Desplácese por las redes sociales y golpee cada vez que todos los demás demuestren que están bien. Sueña con ser como estas personas, olvidando por completo que la mayoría de las personas solo sube contenido que les muestra de la manera más favorable posible para atraer la atención. Estas imágenes son inalcanzables y todos tienen sus luchas diarias. Ya sea que idealice a alguien en la vida real o en línea, sepa que no recuerda sus esfuerzos. Tu mejor apuesta es concentrarte en ti.

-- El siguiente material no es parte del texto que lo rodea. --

lemma left_coset_image_inj:
  assumes F: "F facet_of P" "barycenter F \<in> cone K" "C \<in> left_cosets K F"
    and F': "F' facet_of P" "barycenter F' \<in> cone K" "C' \<in> left_cosets K F'"
    and eq: "(SOME w. w \<in> C) ` F = (SOME w. w \<in> C') ` F'"
  shows "F = F' \<and> C = C'"
proof -
  obtain w where w: "w \<in> weyl_group K" "C = (\<lambda>u. w \<circ> u) ` stabilizer K F"
    using F(3) unfolding left_cosets_def by blast
  obtain w' where w': "w' \<in> weyl_group K" "C' = (\<lambda>u. w' \<circ> u) ` stabilizer K F'"
    using F'(3) unfolding left_cosets_def by blast
  define g where "g = inv w' \<circ> w"
  have g: "g \<in> weyl_group K"
    unfolding g_def using weyl_group_comp[OF inv_in_weyl_group[OF w'(1)] w(1)] .
  have "w ` F = w' ` F'" using eq unfolding w(2) w'(2) some_left_coset_image .
  then have "g ` F = F'"
    unfolding g_def image_comp[symmetric] using weyl_group_inv_comp[OF w'(1)]
    by (simp add: image_comp)
  then have FF': "F = F'" using chamber_facets_weyl_image_eq[OF F(1,2) F'(1,2) g] by blast
  then have "g \<in> stabilizer K F" using g \<open>g ` F = F'\<close> by (simp add: stabilizer_def)
  moreover have "w = w' \<circ> g"
    unfolding g_def using weyl_group_comp_inv[OF w'(1)] by (metis comp_assoc id_comp)
  ultimately have "C = (\<lambda>u. w' \<circ> u) ` ((\<lambda>u. g \<circ> u) ` stabilizer K F)"
    unfolding w(2) image_image by (simp add: comp_assoc)
  also have "\<dots> = (\<lambda>u. w' \<circ> u) ` stabilizer K F"
    using stabilizer_left_coset_eq[OF \<open>g \<in> stabilizer K F\<close>] by simp
  finally have "C = (\<lambda>u. w' \<circ> u) ` stabilizer K F" .
  then show ?thesis using FF' w'(2) by simp
qed

lemma facet_eq_left_coset_image:
  assumes G: "G facet_of P"
  obtains F C where "F facet_of P" "barycenter F \<in> cone K" "C \<in> left_cosets K F"
    and "G = (SOME w. w \<in> C) ` F"
proof -
  obtain w where w: "w \<in> weyl_group K" "w (barycenter G) \<in> cone K"
    using weyl_group_chamber_exists by blast
  have "w ` G facet_of P" using facet_weyl_image[OF weyl_group_K_subset_S[OF w(1)] G] .
  moreover have "barycenter (w ` G) \<in> cone K"
    using barycenter_weyl_image[OF weyl_group_K_subset_S[OF w(1)]] w(2) by simp
  moreover have "(\<lambda>u. inv w \<circ> u) ` stabilizer K (w ` G) \<in> left_cosets K (w ` G)"
    unfolding left_cosets_def using inv_in_weyl_group[OF w(1)] by blast
  moreover have "G = (SOME v. v \<in> (\<lambda>u. inv w \<circ> u) ` stabilizer K (w ` G)) ` w ` G"
    unfolding some_left_coset_image
    using orthogonal_transformation_inj[OF orthogonal_transformation_weyl_group[OF w(1)]]
    by (simp add: image_inv_f_f)
  ultimately show ?thesis using that by blast
qed

lemma left_coset_image_facet:
  assumes "F facet_of P" "C \<in> left_cosets K F"
  shows "(SOME w. w \<in> C) ` F facet_of P"
proof -
  obtain w where w: "w \<in> weyl_group K" "C = (\<lambda>u. w \<circ> u) ` stabilizer K F"
    using assms(2) unfolding left_cosets_def by blast
  show ?thesis
    unfolding w(2) some_left_coset_image
    by (rule facet_weyl_image[OF weyl_group_K_subset_S[OF w(1)] assms(1)])
qed

lemma facets_bij_left_cosets:
  "bij_betw (\<lambda>(F, C). (SOME w. w \<in> C) ` F)
     {(F, C). F facet_of P \<and> barycenter F \<in> cone K \<and> C \<in> left_cosets K F}
     {G. G facet_of P}"
proof (rule bij_betw_imageI)
  show "inj_on (\<lambda>(F, C). (SOME w. w \<in> C) ` F)
     {(F, C). F facet_of P \<and> barycenter F \<in> cone K \<and> C \<in> left_cosets K F}"
    using left_coset_image_inj by (auto simp: inj_on_def)
  show "(\<lambda>(F, C). (SOME w. w \<in> C) ` F) `
     {(F, C). F facet_of P \<and> barycenter F \<in> cone K \<and> C \<in> left_cosets K F} = {G. G facet_of P}"
  proof (intro equalityI subsetI)
    fix G assume "G \<in> {G. G facet_of P}"
    then obtain F C where "F facet_of P" "barycenter F \<in> cone K" "C \<in> left_cosets K F"
      "G = (SOME w. w \<in> C) ` F"
      using facet_eq_left_coset_image by blast
    then show "G \<in> (\<lambda>(F, C). (SOME w. w \<in> C) ` F) `
        {(F, C). F facet_of P \<and> barycenter F \<in> cone K \<and> C \<in> left_cosets K F}"
      by (intro image_eqI[of _ _ "(F, C)"]) auto
  qed (auto intro: left_coset_image_facet)
qed

end
(* Define the following equivalence relation on $SU(2)$: $g_1\approx g_2$ if there exist $(a_1,b_1,c_1),(a_2,b_2,c_2)$ such that $g_1=e^{-b_1p_2}e^{a_1p_1}e^{c_1p_2}$, $g_2=e^{-b_2p_2}e^{a_2p_1}e^{c_2p_2}$ and $a_1=a_2$, $b_1=b_2$, $c_1=c_2 \mod \pi$. Then the 3-D manifold $SU(2)/\approx$ is the lens space $L(4,1)$.
   Context: $SU(2)=\{\begin{pmatrix}\alpha&\beta\\-\bar\beta&\bar\alpha\end{pmatrix}\in \mathrm{Mat}(2,\mathbb{C}) : |\alpha|^2+|\beta|^2=1\}$, with Lie algebra basis $p_1=\frac12\begin{pmatrix}0&1\\-1&0\end{pmatrix}$, $p_2=\frac12\begin{pmatrix}0&i\\i&0\end{pmatrix}$, $k=\frac12\begin{pmatrix}i&0\\0&-i\end{pmatrix}$. Every $g\in SU(2)$ can be written as $g=e^{-bp_2}e^{ap_1}e^{cp_2}$ with $a\in[0,\pi]$, $b\in[0,2\pi)$, $c\in\mathbb{R}/(4\pi)$; $a$ is uniquely determined by $g$, and $b,c$ are uniquely determined when $a\neq 0,\pi$ (for $a=0$ only $c-b \mod 4\pi$ is determined, for $a=\pi$ only $c+b\mod 4\pi$). The lens space $L(p,q)$ ($p,q$ coprime nonzero integers) is $S^3/\sim$, where $S^3=\{(x_1,x_2)\in\mathbb{C}^2 : |x_1|^2+|x_2|^2=1\}$ and $(x_1,x_2)\sim(y_1,y_2)$ iff there is $\omega\in\mathbb{C}$ with $\omega^p=1$ and $x_1=\omega y_1$, $x_2=\omega^q y_2$. *)

theory Defs
  imports "HOL-Analysis.Analysis"
begin

type_synonym cmat2 = "complex^2^2"

definition mat2 :: "complex \<Rightarrow> complex \<Rightarrow> complex \<Rightarrow> complex \<Rightarrow> cmat2" where
  "mat2 a b c d = vector [vector [a, b], vector [c, d]]"

fun mpow :: "cmat2 \<Rightarrow> nat \<Rightarrow> cmat2" where
  "mpow A 0 = mat 1"
| "mpow A (Suc n) = A ** mpow A n"

definition mexp :: "cmat2 \<Rightarrow> cmat2" where
  "mexp A = (\<Sum>n. (1 / fact n) *\<^sub>R mpow A n)"

definition SU2 :: "cmat2 set" where
  "SU2 = {mat2 \<alpha> \<beta> (- cnj \<beta>) (cnj \<alpha>) | \<alpha> \<beta>. (cmod \<alpha>)\<^sup>2 + (cmod \<beta>)\<^sup>2 = 1}"

definition p1 :: cmat2 where "p1 = mat2 0 (1/2) (-1/2) 0"
definition p2 :: cmat2 where "p2 = mat2 0 (\<i>/2) (\<i>/2) 0"
definition kk :: cmat2 where "kk = mat2 (\<i>/2) 0 0 (-\<i>/2)"

definition euler :: "real \<Rightarrow> real \<Rightarrow> real \<Rightarrow> cmat2" where
  "euler a b c = mexp ((- b) *\<^sub>R p2) ** mexp (a *\<^sub>R p1) ** mexp (c *\<^sub>R p2)"

text \<open>Parameter ranges: a in [0,pi], b in [0,2pi), c real (taken mod 4pi, which is harmless).\<close>
definition approx_rel :: "cmat2 \<Rightarrow> cmat2 \<Rightarrow> bool" where
  "approx_rel g1 g2 \<longleftrightarrow> (\<exists>a1 b1 c1 a2 b2 c2.
      a1 \<in> {0..pi} \<and> b1 \<in> {0..<2*pi} \<and> a2 \<in> {0..pi} \<and> b2 \<in> {0..<2*pi} \<and>
      g1 = euler a1 b1 c1 \<and> g2 = euler a2 b2 c2 \<and>
      a1 = a2 \<and> b1 = b2 \<and> (\<exists>k::int. c1 - c2 = of_int k * pi))"

definition S3 :: "(complex \<times> complex) set" where
  "S3 = {(x1, x2). (cmod x1)\<^sup>2 + (cmod x2)\<^sup>2 = 1}"

definition lens_rel :: "int \<Rightarrow> int \<Rightarrow> complex \<times> complex \<Rightarrow> complex \<times> complex \<Rightarrow> bool" where
  "lens_rel p q x y \<longleftrightarrow> (\<exists>\<omega>::complex. \<omega> powi p = 1 \<and>
      fst x = \<omega> * fst y \<and> snd x = \<omega> powi q * snd y)"

definition quot_top :: "'a topology \<Rightarrow> ('a \<Rightarrow> 'a \<Rightarrow> bool) \<Rightarrow> 'a set topology" where
  "quot_top X R = topology (\<lambda>U. U \<subseteq> (\<lambda>x. {y \<in> topspace X. R x y}) ` topspace X \<and>
      openin X {x \<in> topspace X. {y \<in> topspace X. R x y} \<in> U})"

definition lens_space :: "int \<Rightarrow> int \<Rightarrow> (complex \<times> complex) set topology" where
  "lens_space p q = quot_top (subtopology euclidean S3) (lens_rel p q)"

end

theory Submission
  imports Defs
begin

text \<open>
  Right multiplication by \<open>e\<^bsup>t p\<^sub>2\<^esup>\<close> shifts the Euler angle \<open>c\<close> by \<open>t\<close>, so \<open>g \<approx> h\<close> holds iff
  \<open>g = h e\<^bsup>k\<pi> p\<^sub>2\<^esup>\<close> for an integer \<open>k\<close>. The linear chart \<open>(\<alpha>, \<beta>) \<mapsto> ((\<alpha> + \<beta>)/\<surd>2, conj (\<alpha> - \<beta>)/\<surd>2)\<close>
  identifies \<open>SU(2)\<close> with \<open>S\<^sup>3\<close> and turns right multiplication by \<open>e\<^bsup>t p\<^sub>2\<^esup>\<close> into the scalar
  action of \<open>e\<^bsup>i t/2\<^esup>\<close>; for \<open>t = k\<pi>\<close> these scalars are exactly the fourth roots of unity, i.e. the
  identifications defining \<open>L(4,1)\<close>. A homeomorphism carrying one relation to the
  other induces a homeomorphism of the quotient spaces.
\<close>

section \<open>Quotient topologies\<close>

definition quot_class :: "'a topology \<Rightarrow> ('a \<Rightarrow> 'a \<Rightarrow> bool) \<Rightarrow> 'a \<Rightarrow> 'a set" where
  "quot_class X R x = {y \<in> topspace X. R x y}"

lemma istopology_coinduced: "istopology (\<lambda>U. U \<subseteq> A \<and> openin X {x \<in> topspace X. c x \<in> U})"
proof -
  have "{x \<in> topspace X. c x \<in> S \<inter> T} = {x \<in> topspace X. c x \<in> S} \<inter> {x \<in> topspace X. c x \<in> T}"
    and "{x \<in> topspace X. c x \<in> \<Union>K} = (\<Union>S\<in>K. {x \<in> topspace X. c x \<in> S})" for S T K
    by blast+
  then show ?thesis
    unfolding istopology_def by (auto intro!: openin_Int openin_Union)
qed

lemma openin_quot_top:
  "openin (quot_top X R) U \<longleftrightarrow>
     U \<subseteq> quot_class X R ` topspace X \<and> openin X {x \<in> topspace X. quot_class X R x \<in> U}"
  unfolding quot_top_def quot_class_def[abs_def] by (simp add: istopology_coinduced)
(* Let $\tau\in(0,1]$ and let $\underline{q}^*$ be the optimal lower $\tau$-quantile. Any policy $\pi^*$ such that $F^{\pi^*}(\mathrm{prec}(\underline{q}^* )) = F^*(\mathrm{prec}(\underline{q}^* ))$, where $F^*(w)=\min_\pi F^\pi(w)$, is an optimal policy with regard to the lower $\tau$-quantile criterion.
   Context: An MDP is a tuple $(\mathcal S,\mathcal A,\mathcal P,r,s_0)$ with finite state set, finite action set, transition probabilities $\mathcal P(s,a,s')$, reward function $r:\mathcal S\times\mathcal A\to\mathcal R$, initial state $s_0$, and finite horizon $T$; policies are sequences of $T$ (possibly history-dependent, randomized) decision rules. The wealth of a history is $w(h_0)=w_0$, $w(h_t)=w(h_{t-1})\circ r(s_{t-1},a_{t-1})$ for a binary operation $\circ$ with left identity $w_0$. The set $\mathcal W_T$ of wealth levels of $T$-histories is totally ordered by $\preceq_{\mathcal W}$ with least element $\min(\mathcal W_T)$ and greatest element. For a policy $\pi$, $p^\pi(w)$ is the probability that the generated $T$-history has wealth $w$, and $F^\pi(w)=\sum_{w'\preceq_{\mathcal W}w}p^\pi(w')$. The lower $\tau$-quantile of $\pi$ is $\underline{q}^\pi_\tau=\min\{w\in\mathcal W_T:F^\pi(w)\ge\tau\}$; $\underline{q}^*=\max_\pi\underline{q}^\pi_\tau$, and a policy is optimal for the lower $\tau$-quantile criterion if its lower $\tau$-quantile equals $\underline{q}^*$. For $w\in\mathcal W_T$, $\mathrm{prec}(w)$ is the greatest (w.r.t. $\preceq_{\mathcal W}$) element of $\mathcal W_T$ strictly below $w$, and $\mathrm{prec}(w)=w$ if no such element exists. *)

theory Defs
  imports "HOL-Probability.Probability"
begin

text \<open>
  Finite-horizon MDP with finite state type 's and finite action type 'a.  Wealth values live in a linearly ordered type 'w, combined by the binary
  operation op with left identity w0.
  A history h_t = (s_0,a_0,...,s_{t-1},a_{t-1},s_t) is represented as the list of
  state/action pairs together with the current state.
  A policy is a sequence of (history-dependent, randomized) decision rules:
  the decision rule at time t maps a t-history to a distribution over actions.
\<close>

type_synonym ('s, 'a) hist = "('s \<times> 'a) list \<times> 's"
type_synonym ('s, 'a) policy = "nat \<Rightarrow> ('s, 'a) hist \<Rightarrow> 'a pmf"

fun hist_dist ::
  "('s \<Rightarrow> 'a \<Rightarrow> 's pmf) \<Rightarrow> 's \<Rightarrow> ('s, 'a) policy \<Rightarrow> nat \<Rightarrow> ('s, 'a) hist pmf" where
  "hist_dist P s0 pol 0 = return_pmf ([], s0)"
| "hist_dist P s0 pol (Suc t) =
     bind_pmf (hist_dist P s0 pol t) (\<lambda>(xs, s).
       bind_pmf (pol t (xs, s)) (\<lambda>a.
         map_pmf (\<lambda>s'. (xs @ [(s, a)], s')) (P s a)))"

definition wealth ::
  "('w \<Rightarrow> 'w \<Rightarrow> 'w) \<Rightarrow> 'w \<Rightarrow> ('s \<Rightarrow> 'a \<Rightarrow> 'w) \<Rightarrow> ('s, 'a) hist \<Rightarrow> 'w" where
  "wealth op w0 r h = foldl (\<lambda>w (s, a). op w (r s a)) w0 (fst h)"

definition wealth_levels ::
  "('w \<Rightarrow> 'w \<Rightarrow> 'w) \<Rightarrow> 'w \<Rightarrow> ('s \<Rightarrow> 'a \<Rightarrow> 'w) \<Rightarrow> nat \<Rightarrow> 'w set" where
  "wealth_levels op w0 r T = {wealth op w0 r h | h. length (fst h) = T}"

definition wealth_prob ::
  "('s \<Rightarrow> 'a \<Rightarrow> 's pmf) \<Rightarrow> 's \<Rightarrow> ('w \<Rightarrow> 'w \<Rightarrow> 'w) \<Rightarrow> 'w \<Rightarrow> ('s \<Rightarrow> 'a \<Rightarrow> 'w) \<Rightarrow> nat
    \<Rightarrow> ('s, 'a) policy \<Rightarrow> 'w \<Rightarrow> real" where
  "wealth_prob P s0 op w0 r T pol w = pmf (map_pmf (wealth op w0 r) (hist_dist P s0 pol T)) w"

definition wealth_cdf ::
  "('s \<Rightarrow> 'a \<Rightarrow> 's pmf) \<Rightarrow> 's \<Rightarrow> ('w::linorder \<Rightarrow> 'w \<Rightarrow> 'w) \<Rightarrow> 'w \<Rightarrow> ('s \<Rightarrow> 'a \<Rightarrow> 'w) \<Rightarrow> nat
    \<Rightarrow> ('s, 'a) policy \<Rightarrow> 'w \<Rightarrow> real" where
  "wealth_cdf P s0 op w0 r T pol w =
     (\<Sum>w' \<in> {w' \<in> wealth_levels op w0 r T. w' \<le> w}. wealth_prob P s0 op w0 r T pol w')"

definition lower_quantile ::
  "('s \<Rightarrow> 'a \<Rightarrow> 's pmf) \<Rightarrow> 's \<Rightarrow> ('w::linorder \<Rightarrow> 'w \<Rightarrow> 'w) \<Rightarrow> 'w \<Rightarrow> ('s \<Rightarrow> 'a \<Rightarrow> 'w) \<Rightarrow> nat
    \<Rightarrow> real \<Rightarrow> ('s, 'a) policy \<Rightarrow> 'w" where
  "lower_quantile P s0 op w0 r T tau pol =
     Min {w \<in> wealth_levels op w0 r T. wealth_cdf P s0 op w0 r T pol w \<ge> tau}"

definition opt_lower_quantile ::
  "('s \<Rightarrow> 'a \<Rightarrow> 's pmf) \<Rightarrow> 's \<Rightarrow> ('w::linorder \<Rightarrow> 'w \<Rightarrow> 'w) \<Rightarrow> 'w \<Rightarrow> ('s \<Rightarrow> 'a \<Rightarrow> 'w) \<Rightarrow> nat
    \<Rightarrow> real \<Rightarrow> 'w" where
  "opt_lower_quantile P s0 op w0 r T tau =
     Max (range (\<lambda>pol. lower_quantile P s0 op w0 r T tau pol))"

definition opt_cdf ::
  "('s \<Rightarrow> 'a \<Rightarrow> 's pmf) \<Rightarrow> 's \<Rightarrow> ('w::linorder \<Rightarrow> 'w \<Rightarrow> 'w) \<Rightarrow> 'w \<Rightarrow> ('s \<Rightarrow> 'a \<Rightarrow> 'w) \<Rightarrow> nat
    \<Rightarrow> 'w \<Rightarrow> real" where
  "opt_cdf P s0 op w0 r T w = (INF pol. wealth_cdf P s0 op w0 r T pol w)"

definition prec :: "'w::linorder set \<Rightarrow> 'w \<Rightarrow> 'w" where
  "prec W w = (if \<exists>w' \<in> W. w' < w then Max {w' \<in> W. w' < w} else w)"

end

theory Submission
  imports Defs
begin

text \<open>
  If some policy had a lower quantile below the optimum q*, that quantile would lie at or
  below prec(q*), so this policy's CDF would reach tau there; by minimality of F*, so would
  the CDF of a policy attaining q*, forcing its quantile to be at most prec(q*) < q*.
\<close>

lemma length_hist_dist:
  "h \<in> set_pmf (hist_dist P s0 pol t) \<Longrightarrow> length (fst h) = t"
  by (induction t arbitrary: h) (auto split: prod.splits)

lemma set_pmf_wealth_dist_subset:
  "set_pmf (map_pmf (wealth op w0 r) (hist_dist P s0 pol T)) \<subseteq> wealth_levels op w0 r T"
  using length_hist_dist unfolding wealth_levels_def by fastforce

lemma finite_wealth_levels:
  "finite (wealth_levels op w0 (r :: 's::finite \<Rightarrow> 'a::finite \<Rightarrow> 'w) T)"
proof -
  have "wealth_levels op w0 r T = wealth op w0 r ` ({xs. length xs = T} \<times> UNIV)"
    unfolding wealth_levels_def by force
  moreover have "finite ({xs :: ('s \<times> 'a) list. length xs = T} \<times> (UNIV :: 's set))"
    using finite_lists_length_eq[of "UNIV :: ('s \<times> 'a) set"] by simp
  ultimately show ?thesis by simp
qed

lemma wealth_levels_nonempty: "wealth_levels op w0 r T \<noteq> {}"
  unfolding wealth_levels_def by (auto intro!: exI[of _ "replicate T undefined"])

lemma wealth_cdf_nonneg: "0 \<le> wealth_cdf P s0 op w0 r T pol w"
  unfolding wealth_cdf_def wealth_prob_def by (simp add: sum_nonneg)

lemma wealth_cdf_mono:
  fixes r :: "'s::finite \<Rightarrow> 'a::finite \<Rightarrow> 'w::linorder"
  assumes "w \<le> v"
  shows "wealth_cdf P s0 op w0 r T pol w \<le> wealth_cdf P s0 op w0 r T pol v"
  unfolding wealth_cdf_def wealth_prob_def
  using finite_wealth_levels[of op w0 r T] assms by (intro sum_mono2) auto

lemma wealth_cdf_Max_wealth_levels:
  fixes r :: "'s::finite \<Rightarrow> 'a::finite \<Rightarrow> 'w::linorder"
  shows "wealth_cdf P s0 op w0 r T pol (Max (wealth_levels op w0 r T)) = 1"
proof -
  let ?W = "wealth_levels op w0 r T"
  have "{w' \<in> ?W. w' \<le> Max ?W} = ?W"
    using finite_wealth_levels[of op w0 r T] by auto
  then show ?thesis
    unfolding wealth_cdf_def wealth_prob_def
    using sum_pmf_eq_1[OF finite_wealth_levels set_pmf_wealth_dist_subset] by simp
qed

lemma opt_cdf_le_wealth_cdf: "opt_cdf P s0 op w0 r T w \<le> wealth_cdf P s0 op w0 r T pol w"
  unfolding opt_cdf_def by (rule cINF_lower) (auto intro: bdd_belowI[of _ 0] wealth_cdf_nonneg)

lemma prec_less:
  fixes W :: "'w::linorder set"
  assumes "finite W" "w \<in> W" "w < q"
  shows "w \<le> prec W q" and "prec W q < q" and "prec W q \<in> W"
proof -
  have fin: "finite {w' \<in> W. w' < q}" and w: "w \<in> {w' \<in> W. w' < q}"
    using assms by auto
  have prec: "prec W q = Max {w' \<in> W. w' < q}"
    unfolding prec_def using assms by auto
  show "w \<le> prec W q" unfolding prec by (rule Max_ge[OF fin w])
  show "prec W q < q" "prec W q \<in> W" unfolding prec using Max_in[OF fin] w by auto
qed

lemma lower_quantile_mem:
  fixes r :: "'s::finite \<Rightarrow> 'a::finite \<Rightarrow> 'w::linorder"
  assumes "tau \<le> 1"
  shows "lower_quantile P s0 op w0 r T tau pol \<in> wealth_levels op w0 r T"
    and "tau \<le> wealth_cdf P s0 op w0 r T pol (lower_quantile P s0 op w0 r T tau pol)"
proof -
  let ?W = "wealth_levels op w0 r T"
  define S where "S = {w \<in> ?W. tau \<le> wealth_cdf P s0 op w0 r T pol w}"
  have "Max ?W \<in> S"
    unfolding S_def using assms wealth_cdf_Max_wealth_levels[of P s0 op w0 r T pol]
      Max_in[OF finite_wealth_levels wealth_levels_nonempty, of op w0 r T] by simp
  then have "Min S \<in> S"
    by (intro Min_in) (auto simp: S_def finite_wealth_levels)
  then show "lower_quantile P s0 op w0 r T tau pol \<in> ?W"
    and "tau \<le> wealth_cdf P s0 op w0 r T pol (lower_quantile P s0 op w0 r T tau pol)"
    unfolding lower_quantile_def S_def by auto
qed

lemma lower_quantile_le:
  fixes r :: "'s::finite \<Rightarrow> 'a::finite \<Rightarrow> 'w::linorder"
  assumes "w \<in> wealth_levels op w0 r T" "tau \<le> wealth_cdf P s0 op w0 r T pol w"
  shows "lower_quantile P s0 op w0 r T tau pol \<le> w"
  unfolding lower_quantile_def using assms finite_wealth_levels[of op w0 r T]
  by (intro Min_le) auto

lemma finite_range_lower_quantile:
  fixes r :: "'s::finite \<Rightarrow> 'a::finite \<Rightarrow> 'w::linorder"
  assumes "tau \<le> 1"
  shows "finite (range (lower_quantile P s0 op w0 r T tau))"
  using assms lower_quantile_mem(1)
  by (intro finite_subset[OF _ finite_wealth_levels[of op w0 r T]]) blast

lemma lower_quantile_le_opt:
  fixes r :: "'s::finite \<Rightarrow> 'a::finite \<Rightarrow> 'w::linorder"
  assumes "tau \<le> 1"
  shows "lower_quantile P s0 op w0 r T tau pol \<le> opt_lower_quantile P s0 op w0 r T tau"
  unfolding opt_lower_quantile_def using finite_range_lower_quantile[OF assms, of P s0 op w0 r T] by simp

lemma opt_lower_quantile_attained:
  fixes r :: "'s::finite \<Rightarrow> 'a::finite \<Rightarrow> 'w::linorder"
  assumes "tau \<le> 1"
  obtains pol where "opt_lower_quantile P s0 op w0 r T tau = lower_quantile P s0 op w0 r T tau pol"
  using Max_in[OF finite_range_lower_quantile[OF assms, of P s0 op w0 r T]]
  unfolding opt_lower_quantile_def by auto

text \<open>Only the order on the wealth levels matters.\<close>

theorem lemma3:
  fixes P :: "'s::finite \<Rightarrow> 'a::finite \<Rightarrow> 's pmf"
    and s0 :: 's
    and op :: "'w::linorder \<Rightarrow> 'w \<Rightarrow> 'w"
    and w0 :: 'w
    and r :: "'s \<Rightarrow> 'a \<Rightarrow> 'w"
    and T :: nat
    and tau :: real
    and pistar :: "('s, 'a) policy"
  assumes left_id: "\<forall>x. op w0 x = x"
    and tau_pos: "0 < tau" and tau_le: "tau \<le> 1"
    and hyp: "wealth_cdf P s0 op w0 r T pistar
                (prec (wealth_levels op w0 r T) (opt_lower_quantile P s0 op w0 r T tau))
              = opt_cdf P s0 op w0 r T
                (prec (wealth_levels op w0 r T) (opt_lower_quantile P s0 op w0 r T tau))"
  shows "lower_quantile P s0 op w0 r T tau pistar = opt_lower_quantile P s0 op w0 r T tau"
proof (rule antisym[OF lower_quantile_le_opt[OF tau_le] leI], rule notI)
  let ?W = "wealth_levels op w0 r T" and ?F = "wealth_cdf P s0 op w0 r T"
  define q where "q = opt_lower_quantile P s0 op w0 r T tau"
  define p where "p = prec ?W q"
  obtain pol where pol: "q = lower_quantile P s0 op w0 r T tau pol"
    using opt_lower_quantile_attained[OF tau_le] unfolding q_def by blast
  assume "lower_quantile P s0 op w0 r T tau pistar < opt_lower_quantile P s0 op w0 r T tau"
  then have "lower_quantile P s0 op w0 r T tau pistar \<le> p" "p < q" "p \<in> ?W"
    using prec_less[OF finite_wealth_levels lower_quantile_mem(1)[OF tau_le, of P s0 op w0 r T pistar]]
    unfolding p_def q_def by auto
  have "tau \<le> ?F pistar p"
    using lower_quantile_mem(2)[OF tau_le] wealth_cdf_mono[OF \<open>_ \<le> p\<close>] by (rule order_trans)
  also have "?F pistar p \<le> ?F pol p"
    using hyp opt_cdf_le_wealth_cdf unfolding p_def q_def by metis
  finally have "q \<le> p"
    unfolding pol using \<open>p \<in> ?W\<close> by (blast intro: lower_quantile_le)
  then show False using \<open>p < q\<close> by simp
qed

end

5. Cuando te sientas mal después

Ser competitivo debería alimentarte. Si después de una serie de competiciones te sientes terrible, y no solo cansado, sino realmente terrible, entonces tu competitividad te está perjudicando. Aquí hay algunas señales de que esto está sucediendo:

· No puedes controlar tus niveles de estrés

Ser competitivo en las cantidades correctas puede darle la fuerza para pasar por tiempos frustrantes. Pero demasiada competencia solo puede hacerte sentir estresado y esta frustración es excepcionalmente poco saludable. Numerosos estudios indican varios aspectos negativos del estrés, incluida la reducción del pensamiento positivo en general y el cambio en la forma en que el cerebro funciona por completo.

· Te sientes deprimido

No lograr sus objetivos y sentir que no puede seguir el ritmo de sus compañeros siempre es una sensación impactante. Pero cuando la competencia va demasiado lejos, puedes ser destruido todo el tiempo y perder cualquier pensamiento positivo. Cualquier señal de que alguien más está más cerca de su objetivo puede darle inmediatamente la tristeza, y eso es muy tóxico para su mentalidad.

Estas amargado

Cuando alguien más tiene éxito, no debes estar tan interesado que el resentimiento te llene y amenace con explotar. No hay razón para estar amargado. La vida no distribuye grandes recompensas: más personas pueden lograr resultados similares si se dedican al trabajo y al esfuerzo.

Quieres rendirte

Si ver a otras personas hacerlo bien en la vida hace que quieras renunciar a tus objetivos, o si tu espíritu competitivo se traduce en un mal equilibrio entre el trabajo y la vida privada y te quema, ese impulso a la competencia podría arruinar tus posibilidades de éxito. Aprender de los resultados de los demás es mejor que siempre tratar de vencerlos.

Reflexiones finales sobre cómo ser competitivo a veces puede ser algo malo

Ser competitivo a menudo puede ser una gran cosa. Pero como todos los otros rasgos, no tienes que llevarlo a extremos. Saber cuándo y dónde puede volar su bandera competitiva es esencial para mantener una competencia saludable. Siempre puedes tener tu espíritu competitivo en llamas. Pero aprenda a dirigirlo en los canales y canales correctos. Entonces le traerá buenos resultados, no malos.